So in the regression problem, we are **predicting a numerical value** instead of predicting the class, and we will use the **California housing dataset**. So each training example represents a house in California, and there are a number of variables about that house, such as **its size and location** and things like that. And then the **target value is the price of the hous**e.

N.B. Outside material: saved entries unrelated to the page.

(* For every ProbNetKAT program $p$, every $n\in\mathbb{N}$ and all $a,b\subseteq\mathsf{Pk}$, \[ \mathcal{B}[\![p^{(n)}]\!]_{a,b} = \sum_{a'\subseteq\mathsf{Pk}} \big(\mathcal{S}[\![p]\!]^{n+1}\big)_{(a,\emptyset),(a',b)}. \]
   Context: $\mathsf{Pk}$ is a finite set of packets (records of finitely many fields with finitely many values). ProbNetKAT programs are built from predicates $\mathsf{false},\mathsf{true}, f=n$, their negations/disjunctions/conjunctions, assignments $f\leftarrow n$, union $p\,\&\,q$, sequencing $p;q$, probabilistic choice $p\oplus_r q$ and iteration $p^*$. $p^{(0)}=\mathsf{true}$, $p^{(n+1)}=\mathsf{true}\,\&\,(p;p^{(n)})$. The matrix semantics $\mathcal{B}[\![p]\!]\in[0,1]^{2^{\mathsf{Pk}}\times 2^{\mathsf{Pk}}}$ ($[\varphi]$ = Iverson bracket): $\mathcal{B}[\![\mathsf{false}]\!]_{ab}=[b=\emptyset]$; $\mathcal{B}[\![\mathsf{true}]\!]_{ab}=[a=b]$; $\mathcal{B}[\![f=n]\!]_{ab}=[b=\{\pi\in a:\pi.f=n\}]$; $\mathcal{B}[\![\neg t]\!]_{ab}=[b\subseteq a]\mathcal{B}[\![t]\!]_{a,a-b}$; $\mathcal{B}[\![f\leftarrow n]\!]_{ab}=[b=\{\pi[f:=n]:\pi\in a\}]$; $\mathcal{B}[\![p\,\&\,q]\!]_{ab}=\sum_{c,d}[c\cup d=b]\mathcal{B}[\![p]\!]_{ac}\mathcal{B}[\![q]\!]_{ad}$; $\mathcal{B}[\![p;q]\!]=\mathcal{B}[\![p]\!]\mathcal{B}[\![q]\!]$; $\mathcal{B}[\![p\oplus_r q]\!]=r\mathcal{B}[\![p]\!]+(1-r)\mathcal{B}[\![q]\!]$; $\mathcal{B}[\![p^*]\!]_{ab}=\lim_n\mathcal{B}[\![p^{(n)}]\!]_{ab}$. The small-step matrix on $2^{\mathsf{Pk}}\times2^{\mathsf{Pk}}$ is $\mathcal{S}[\![p]\!]_{(a,b),(a',b')}=[b'=b\cup a]\,\mathcal{B}[\![p]\!]_{a,a'}$; $\mathcal{S}[\![p]\!]^{m}$ is its $m$-th matrix power. *)

theory Defs
  imports Complex_Main
begin

text \<open>Packets: records with fields of finite type 'f and values of finite type 'v.
  The packet set Pk is UNIV :: ('f \<Rightarrow> 'v) set, which is finite.\<close>

type_synonym ('f, 'v) packet = "'f \<Rightarrow> 'v"

datatype ('f, 'v) pred =
    PFalse
  | PTrue
  | Test 'f 'v
  | Neg "('f, 'v) pred"
  | Disj "('f, 'v) pred" "('f, 'v) pred"
  | Conj "('f, 'v) pred" "('f, 'v) pred"

datatype ('f, 'v) prog =
    Pred "('f, 'v) pred"
  | Assign 'f 'v
  | Union "('f, 'v) prog" "('f, 'v) prog"
  | Seq "('f, 'v) prog" "('f, 'v) prog"
  | Choice "('f, 'v) prog" real "('f, 'v) prog"
  | Star "('f, 'v) prog"

fun wf_prog :: "('f, 'v) prog \<Rightarrow> bool" where
  "wf_prog (Pred t) = True"
| "wf_prog (Assign f n) = True"
| "wf_prog (Union p q) = (wf_prog p \<and> wf_prog q)"
| "wf_prog (Seq p q) = (wf_prog p \<and> wf_prog q)"
| "wf_prog (Choice p r q) = (0 \<le> r \<and> r \<le> 1 \<and> wf_prog p \<and> wf_prog q)"
| "wf_prog (Star p) = wf_prog p"

fun prog_pow :: "('f, 'v) prog \<Rightarrow> nat \<Rightarrow> ('f, 'v) prog" where
  "prog_pow p 0 = Pred PTrue"
| "prog_pow p (Suc n) = Union (Pred PTrue) (Seq p (prog_pow p n))"

type_synonym 'i mat = "'i \<Rightarrow> 'i \<Rightarrow> real"

definition iv :: "bool \<Rightarrow> real" where
  "iv P = (if P then 1 else 0)"

definition mat_id :: "'i mat" where
  "mat_id x y = iv (x = y)"

definition mat_mult :: "('i::finite) mat \<Rightarrow> 'i mat \<Rightarrow> 'i mat" where
  "mat_mult A B x z = (\<Sum>y\<in>UNIV. A x y * B y z)"

fun mat_pow :: "('i::finite) mat \<Rightarrow> nat \<Rightarrow> 'i mat" where
  "mat_pow A 0 = mat_id"
| "mat_pow A (Suc n) = mat_mult (mat_pow A n) A"

definition mat_union :: "('p::finite) set mat \<Rightarrow> 'p set mat \<Rightarrow> 'p set mat" where
  "mat_union P Q a b = (\<Sum>c\<in>UNIV. \<Sum>d\<in>UNIV. iv (c \<union> d = b) * P a c * Q a d)"

fun mat_iter :: "('p::finite) set mat \<Rightarrow> nat \<Rightarrow> 'p set mat" where
  "mat_iter M 0 = mat_id"
| "mat_iter M (Suc n) = mat_union mat_id (mat_mult M (mat_iter M n))"

fun predB :: "('f::finite, 'v::finite) pred \<Rightarrow> ('f, 'v) packet set mat" where
  "predB PFalse a b = iv (b = {})"
| "predB PTrue a b = iv (a = b)"
| "predB (Test f n) a b = iv (b = {\<pi> \<in> a. \<pi> f = n})"
| "predB (Neg t) a b = iv (b \<subseteq> a) * predB t a (a - b)"
| "predB (Disj t u) a b = mat_union (predB t) (predB u) a b"
| "predB (Conj t u) a b = mat_mult (predB t) (predB u) a b"

fun progB :: "('f::finite, 'v::finite) prog \<Rightarrow> ('f, 'v) packet set mat" where
  "progB (Pred t) = predB t"
| "progB (Assign f n) = (\<lambda>a b. iv (b = (\<lambda>\<pi>. \<pi>(f := n)) ` a))"
| "progB (Union p q) = mat_union (progB p) (progB q)"
| "progB (Seq p q) = mat_mult (progB p) (progB q)"
| "progB (Choice p r q) = (\<lambda>a b. r * progB p a b + (1 - r) * progB q a b)"
| "progB (Star p) = (\<lambda>a b. lim (\<lambda>n. mat_iter (progB p) n a b))"

definition smallS :: "('f::finite, 'v::finite) prog \<Rightarrow> (('f, 'v) packet set \<times> ('f, 'v) packet set) mat" where
  "smallS p x y = (case x of (a, b) \<Rightarrow> case y of (a', b') \<Rightarrow> iv (b' = b \<union> a) * progB p a a')"

end

theory Submission
  imports Defs
begin

text \<open>Started in \<open>(a, c)\<close>, the small-step chain keeps in its second component the union
  of \<open>c\<close> with all packet sets visited so far, and the unfolding
  \<open>p^(n+1) = true & (p ; p^(n))\<close> shows that the big-step iterate accumulates its output in
  exactly the same way; with the accumulator \<open>c\<close> generalised this is an induction on \<open>n\<close>.
  The last small step contributes a full row sum of \<open>B[p]\<close>, so \<open>B[p]\<close> must be stochastic.
  For \<open>p*\<close> this needs the iterates \<open>M^(n)\<close> to converge: the mass that \<open>M^(n)\<close> puts on
  the subsets of a fixed \<open>b\<close> decreases in \<open>n\<close>, and the entry at \<open>b\<close> is that mass minus the
  entries at proper subsets of \<open>b\<close>, which converge by induction on \<open>card b\<close>.\<close>

lemma iv_eq_of_bool: "iv P = of_bool P"
  by (simp add: iv_def)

The idea here is, given the number of variables of a house try to predict what the cost of that house is. And that's a **regression problem** because we're now predicting a numerical value.

In [None]:
"""
The MIT License (MIT)
Copyright (c) 2021 NVIDIA
Permission is hereby granted, free of charge, to any person obtaining a copy of
this software and associated documentation files (the "Software"), to deal in
the Software without restriction, including without limitation the rights to
use, copy, modify, merge, publish, distribute, sublicense, and/or sell copies of
the Software, and to permit persons to whom the Software is furnished to do so,
subject to the following conditions:
The above copyright notice and this permission notice shall be included in all
copies or substantial portions of the Software.
THE SOFTWARE IS PROVIDED "AS IS", WITHOUT WARRANTY OF ANY KIND, EXPRESS OR
IMPLIED, INCLUDING BUT NOT LIMITED TO THE WARRANTIES OF MERCHANTABILITY, FITNESS
FOR A PARTICULAR PURPOSE AND NONINFRINGEMENT. IN NO EVENT SHALL THE AUTHORS OR
COPYRIGHT HOLDERS BE LIABLE FOR ANY CLAIM, DAMAGES OR OTHER LIABILITY, WHETHER
IN AN ACTION OF CONTRACT, TORT OR OTHERWISE, ARISING FROM, OUT OF OR IN
CONNECTION WITH THE SOFTWARE OR THE USE OR OTHER DEALINGS IN THE SOFTWARE.
"""

We are going to train for **256 epics** and use a batch size of 128. So we start with doing some imports including importing the California housing data set. And this is not included in TensorFlow, so we are getting it from sklearn instead.

In [1]:
import tensorflow as tf
from tensorflow import keras
from tensorflow.keras.models import Sequential
from tensorflow.keras.layers import Dense
from sklearn.datasets import fetch_california_housing
from sklearn.model_selection import train_test_split
import numpy as np
import logging
tf.get_logger().setLevel(logging.ERROR)

EPOCHS = 256
BATCH_SIZE = 128



We are loading the data set, getting the data values and the target values, and then we use a function here from sklearn to split it into a train set and a test set. So we say that we want **to use 20% of the examples as test examples**.

In [2]:
# Read dataset and split into train and test.
california_housing = fetch_california_housing()
data = california_housing.get('data')
target = california_housing.get('target')
raw_x_train, raw_x_test, y_train, y_test = train_test_split(
    data, target, test_size=0.2, random_state=0)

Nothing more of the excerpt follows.